We're All In This Together

Its really hard to believe that I’ve been pregnant for six months. The time has gone by both quickly and slowly. And now the babies are just 8-10 weeks away from being here with us, another chunk of time that feels like its both far away and so close its kind of scary. At least we hope its 8-10 weeks away and not any sooner. Eight weeks from now I’ll be 32 weeks, which is the average for triplet births. Even though I’ll be huge and miserably uncomfortable, I pray and ask for your prayers that the babies won’t be born until at least 34 weeks. Those extra couple of weeks of growing and maturing in my womb will be so much better for them. I feel I’ve been more emotional this week than others. More prone to reading blogs by triplet parents who have experienced great struggles with their premature babies and trying to emotionally prepare myself for the possibility without letting it become a fear that consumes my thoughts. Everything about this pregnancy so far has gone so unbelievably well. But I can’t rest on that and take for granted that it will continue that way. Our trust in God is the only hope there is and I can rest in that. These triplets weren’t a surprise to Him even though it was a huge shock to us, and nothing that happens from here on out will be a surprise to Him either.

I’ve also been reading up a lot on breastfeeding multiples and all of the special considerations to take into account when breastfeeding so many babies at once. Its going to be the most challenging thing I’ve ever done and I’m going to need a lot of support and encouragement from the people who will be with us the most in those first few weeks/months after the triplets are born. I know there are a lot of people who may not understand why I’m willing to sacrifice so much time and energy to breastfeed them, but it really is such an important thing I can do for my babies. Even when its difficult and painful and frustrating and taking up just about every waking moment, it will be worth it. And truthfully, if all I have time for at first is to learn to feed them and teach them to nurse, that’s ok with me. That’s going to be my job and the most important thing I can do that no one else can.

Here’s to 10 more weeks of pelvic pain, shortness of breath, congestion, having to sit after 5 minutes of standing/walking, moving and sounding like an 80 year old whenever I get up/sit down, going to the bathroom every 20 minutes, and finding absolutely no comfortable position in which to sleep. Oh, and no coffee. These 10 weeks will fly by.

From Christina | 6 Comments | Categories: Pregnancy, The Bump

Christmas morning was calm and quiet, just the two of us for the third and final time. I’m so looking forward to next year when we have three little crawlers who make Christmas more exciting and joyful than it has been since I was under 4 feet tall, but this year I wanted to savor the little traditions that Justin and I have made for ourselves in the last couple of years. We enjoyed sleeping in, eating a delicious breakfast of family favorites: egg, sausage and cheese breakfast casserole that my mom always made, and “jungle camp” coffee cake from Justin’s family. We watch A Christmas Story while we eat and slowly get around to opening presents in the hopes that we can draw the anticipation of Christmas gifts out as long as possible.

We discovered on our first Christmas morning together that we each made up different nicknames to label every gift, a tradition that has continued and surely will every Christmas. It makes me smile.

Our gifts were pretty triplet themed this year (:

Onesies for the babies first Rangers game.

Three circles for three babies. Perfect.

A new edition of Robin Hood (Justin’s fav) to read to the kids.

A print by Matte Stephens (one of my favorite illustrators). Its our family in kitten form!

Buckethead also enjoyed his last Christmas of peace and quiet.

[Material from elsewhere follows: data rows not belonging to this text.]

lemma exists_graph_sparse_no_clique_no_indep_set:
  assumes "finite W" "0 \<le> p" "p \<le> 1" "c > 0"
    and "real (card W) ^ 2 * p / c + real (card W choose r) * p ^ (r choose 2)
      + real (card W choose k) * (1 - p) ^ (k choose 2) < 1"
  shows "\<exists>E. simple_graph W E \<and> (\<Sum>v\<in>W. real (degree W E v)) < c
    \<and> \<not> (\<exists>S. is_clique W E S \<and> card S = r) \<and> \<not> (\<exists>S. is_indep_set W E S \<and> card S = k)"
proof -
  obtain f where f: "real (card {(u, v) \<in> W \<times> W. graph_of W f u v}) < c"
    "\<not> (\<exists>S. S \<subseteq> W \<and> card S = r \<and> (\<forall>e\<in>unordered_pairs S. f e))"
    "\<not> (\<exists>S. S \<subseteq> W \<and> card S = k \<and> (\<forall>e\<in>unordered_pairs S. \<not> f e))"
    using exists_sparse_outcome_without_homogeneous_sets[OF assms] by blast
  have "(\<Sum>v\<in>W. real (degree W (graph_of W f) v)) = real (card {(u, v) \<in> W \<times> W. graph_of W f u v})"
    using sum_degree_eq_card[OF assms(1)] by (metis of_nat_sum)
  then show ?thesis
    using f simple_graph_graph_of[OF assms(1)]
    by (intro exI[of _ "graph_of W f"]) (auto simp: is_clique_graph_of_iff is_indep_set_graph_of_iff)
qed

lemma exists_graph_degree_le_no_clique_no_indep_set:
  fixes N r k :: nat and D p :: real
  assumes "N \<ge> 1" "D > 0" and p: "p = D / (8 * N)" "p \<le> 1"
    and clique: "real (2 * N choose r) * p ^ (r choose 2) < 1/4"
    and indep: "real (2 * N choose k) * (1 - p) ^ (k choose 2) < 1/4"
  shows "\<exists>(V::nat set) E. simple_graph V E \<and> card V = N \<and> (\<forall>v\<in>V. real (degree V E v) \<le> D)
    \<and> \<not> (\<exists>S. is_clique V E S \<and> card S = r) \<and> \<not> (\<exists>S. is_indep_set V E S \<and> card S = k)"
proof -
  define W :: "nat set" where "W = {0..<2 * N}"
  have "finite W" "card W = 2 * N" by (simp_all add: W_def)
  have "0 \<le> p" "D * N > 0" using assms(1,2) p(1) by simp_all
  have "real (card W) ^ 2 * p / (D * N) = 1/2"
    using assms(1,2) \<open>card W = 2 * N\<close> by (simp add: p(1) field_simps power2_eq_square)
  then have "real (card W) ^ 2 * p / (D * N) + real (card W choose r) * p ^ (r choose 2)
      + real (card W choose k) * (1 - p) ^ (k choose 2) < 1"
    using clique indep unfolding \<open>card W = 2 * N\<close> by linarith
  then obtain E where E: "simple_graph W E" "(\<Sum>v\<in>W. real (degree W E v)) < D * N"
      "\<not> (\<exists>S. is_clique W E S \<and> card S = r)" "\<not> (\<exists>S. is_indep_set W E S \<and> card S = k)"
    using exists_graph_sparse_no_clique_no_indep_set[OF \<open>finite W\<close> \<open>0 \<le> p\<close> p(2) \<open>D * N > 0\<close>]
    by blast
  obtain V where V: "V \<subseteq> W" "card V = N" "\<forall>v\<in>V. real (degree V (induced E V) v) \<le> D"
    using exists_induced_subgraph_degree_le[OF E(1) _ E(2)] \<open>card W = 2 * N\<close> by auto
  show ?thesis
    using simple_graph_induced[OF E(1) V(1)] V E(3,4) is_clique_induced[OF V(1)] is_indep_set_induced[OF V(1)]
    by blast
qed

subsection \<open>Choice of parameters\<close>

lemma of_nat_choose_two: "real (k choose 2) = real k * (real k - 1) / 2"
proof (induction k)
  case (Suc k)
  have "Suc k choose 2 = k + (k choose 2)" by (simp add: numeral_2_eq_2)
  then show ?case using Suc by (simp add: field_simps)
qed simp

lemma binomial_le_power_real: "real (n choose k) \<le> real n ^ k"
proof (cases "k \<le> n")
  case True
  then show ?thesis by (metis binomial_le_pow of_nat_le_iff of_nat_power)
qed (simp add: binomial_eq_0)

lemma binomial_mult_power_less_quarter:
  fixes M k :: nat and p :: real
  assumes "M > 0" "0 \<le> p" "p \<le> 1" "k \<ge> 1" and exponent: "ln M + 4 \<le> p * (real k - 1) / 2"
  shows "real (M choose k) * (1 - p) ^ (k choose 2) < 1/4"
proof -
  have "real (M choose k) * (1 - p) ^ (k choose 2) \<le> real M ^ k * exp (- p) ^ (k choose 2)"
    using exp_ge_add_one_self[of "- p"] assms(3)
    by (intro mult_mono binomial_le_power_real power_mono) auto
  also have "\<dots> = exp (real k * ln M) * exp (- p * real (k choose 2))"
    using assms(1) exp_of_nat_mult[of "k choose 2" "- p"] by (simp add: exp_of_nat_mult mult.commute)
  also have "\<dots> = exp (real k * (ln M - p * (real k - 1) / 2))"
    by (simp add: of_nat_choose_two exp_add[symmetric] field_simps)
  also have "\<dots> \<le> exp (real k * (- 4))"
  proof -
    have "real k * (ln M - p * (real k - 1) / 2) \<le> real k * (- 4)"
      using exponent by (intro mult_left_mono) auto
    then show ?thesis by simp
  qed
  also have "\<dots> \<le> exp (- 4)"
    using assms(4) by simp
  also have "\<dots> < 1/4"
    using exp_ge_add_one_self[of 4] by (simp add: exp_minus field_simps)
  finally show ?thesis .
qed

lemma binomial_ten_mult_power_le:
  fixes N :: nat and D b :: real
  assumes "N \<ge> 1" "0 \<le> D" "0 < b" "b \<le> real N"
  shows "real (2 * N choose 10) * (D / (8 * N)) ^ (10 choose 2) \<le> 2^10 * D^45 / (8^45 * b^35)"
proof -
  have "real (2 * N choose 10) * (D / (8 * N)) ^ 45 \<le> real (2 * N) ^ 10 * (D / (8 * N)) ^ 45"
    using assms(2) by (intro mult_right_mono binomial_le_power_real) simp
  also have "\<dots> = 2^10 * D^45 / (8^45 * real N^35)"
    using assms(1) by (simp add: power_divide power_mult_distrib field_simps)
  also have "\<dots> \<le> 2^10 * D^45 / (8^45 * b^35)"
    using assms(2-4) by (intro divide_left_mono mult_left_mono power_mono mult_pos_pos zero_less_power) auto
  finally show ?thesis by (simp add: choose_two)
qed

definition feasible_parameters :: "real \<Rightarrow> real \<Rightarrow> real \<Rightarrow> bool" where
  "feasible_parameters a D s \<longleftrightarrow> a \<ge> 3/2 \<and> 0 < D \<and> D \<le> 8 * (a - 1/2)
    \<and> 2^10 * D^45 / (8^45 * (a - 1/2)^35) < 1/4
    \<and> ln (2 * a + 1) + 4 \<le> D / (8 * (a + 1/2)) * (s - 1) / 2 \<and> s \<ge> 1"

lemma exists_graph_for_parameters:
  assumes "feasible_parameters a D s"
  shows "\<exists>(V::nat set) E. simple_graph V E \<and> card V = nat (round a) \<and> (\<forall>v\<in>V. real (degree V E v) \<le> D)
    \<and> \<not> (\<exists>S. is_clique V E S \<and> card S = 10) \<and> \<not> (\<exists>S. is_indep_set V E S \<and> real (card S) \<ge> s)"
proof -
  from assms have a: "a \<ge> 3/2" and D: "0 < D" "D \<le> 8 * (a - 1/2)"
    and clique: "2^10 * D^45 / (8^45 * (a - 1/2)^35) < 1/4"
    and indep: "ln (2 * a + 1) + 4 \<le> D / (8 * (a + 1/2)) * (s - 1) / 2" and s: "s \<ge> 1"
    unfolding feasible_parameters_def by auto
  define N where "N = nat (round a)"
  define p where "p = D / (8 * N)"
  define k where "k = nat \<lceil>s\<rceil>"
  have "round a \<ge> 1" using of_int_round_ge[of a] a by linarith
  then have N: "a - 1/2 \<le> real N" "real N \<le> a + 1/2"
    using of_int_round_ge[of a] of_int_round_le[of a] by (simp_all add: N_def)
  then have "N \<ge> 1" using a by linarith
  have "0 < p" "p \<le> 1" using D N \<open>N \<ge> 1\<close> by (auto simp: p_def field_simps)
  have "real k \<ge> s" unfolding k_def by (rule real_nat_ceiling_ge)
  then have "k \<ge> 1" using s by linarith
  have "real (2 * N choose 10) * p ^ (10 choose 2) \<le> 2^10 * D^45 / (8^45 * (a - 1/2)^35)"
    unfolding p_def using N(1) a D(1) by (intro binomial_ten_mult_power_le \<open>N \<ge> 1\<close>) auto
  then have "real (2 * N choose 10) * p ^ (10 choose 2) < 1/4" using clique by linarith
  moreover have "real (2 * N choose k) * (1 - p) ^ (k choose 2) < 1/4"
  proof (rule binomial_mult_power_less_quarter)
    have "D / (8 * (a + 1/2)) * (s - 1) \<le> p * (real k - 1)"
    proof (rule mult_mono)
      show "D / (8 * (a + 1/2)) \<le> p"
        unfolding p_def using N D(1) \<open>N \<ge> 1\<close> by (intro divide_left_mono) auto
    qed (use s \<open>real k \<ge> s\<close> \<open>0 < p\<close> in auto)
    have "ln (real (2 * N)) + 4 \<le> ln (2 * a + 1) + 4" using N \<open>N \<ge> 1\<close> by simp
    also have "\<dots> \<le> D / (8 * (a + 1/2)) * (s - 1) / 2" by (rule indep)
    also have "\<dots> \<le> p * (real k - 1) / 2"
      using \<open>D / (8 * (a + 1/2)) * (s - 1) \<le> p * (real k - 1)\<close> by (rule divide_right_mono) simp
    finally show "ln (real (2 * N)) + 4 \<le> p * (real k - 1) / 2" .
  qed (use \<open>N \<ge> 1\<close> \<open>0 < p\<close> \<open>p \<le> 1\<close> \<open>k \<ge> 1\<close> in auto)
  ultimately have "\<exists>(V::nat set) E. simple_graph V E \<and> card V = N \<and> (\<forall>v\<in>V. real (degree V E v) \<le> D)
    \<and> \<not> (\<exists>S. is_clique V E S \<and> card S = 10) \<and> \<not> (\<exists>S. is_indep_set V E S \<and> card S = k)"
    by (rule exists_graph_degree_le_no_clique_no_indep_set[OF \<open>N \<ge> 1\<close> D(1) p_def \<open>p \<le> 1\<close>])
  then obtain V :: "nat set" and E where G: "simple_graph V E" "card V = N" "\<forall>v\<in>V. real (degree V E v) \<le> D"
    "\<not> (\<exists>S. is_clique V E S \<and> card S = 10)" "\<not> (\<exists>S. is_indep_set V E S \<and> card S = k)"
    by blast
  have "\<not> (\<exists>S. is_indep_set V E S \<and> real (card S) \<ge> s)"
  proof
    assume "\<exists>S. is_indep_set V E S \<and> real (card S) \<ge> s"
    then obtain S where S: "is_indep_set V E S" "k \<le> card S" by (auto simp: k_def nat_ceiling_le_eq)
    obtain T where "T \<subseteq> S" "card T = k" using S(2) by (rule obtain_subset_with_card_n)
    then show False using G(5) is_indep_set_subset[OF S(1)] by blast
  qed
  then show ?thesis using G unfolding N_def by blast
qed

From Christina | 1 Comment | Categories: Family, Memories

24 weeks is a huge milestone! It means that the babies are now viable if they were to be born anytime now (though we obviously want them to stay in much much longer). Our babies must be pretty competitive because at the last two sonograms they’ve each weighed exactly the same. Today when they measured them they were each at 1 lb. 11 oz. They’re right on track and our doctors said they look absolutely perfect. My cervix is still in great shape and my blood pressure is awesome. God is good and taking care of all four of us!

On average, triplets are born at 32 weeks, but our doctors said that we’re shooting for 34, and unless something changes (which it very well could at any time) that’s the goal we have in our minds. So we’re looking at about 8 to 10 weeks left before we have three babies. Three. Babies. Madness! We’re so excited.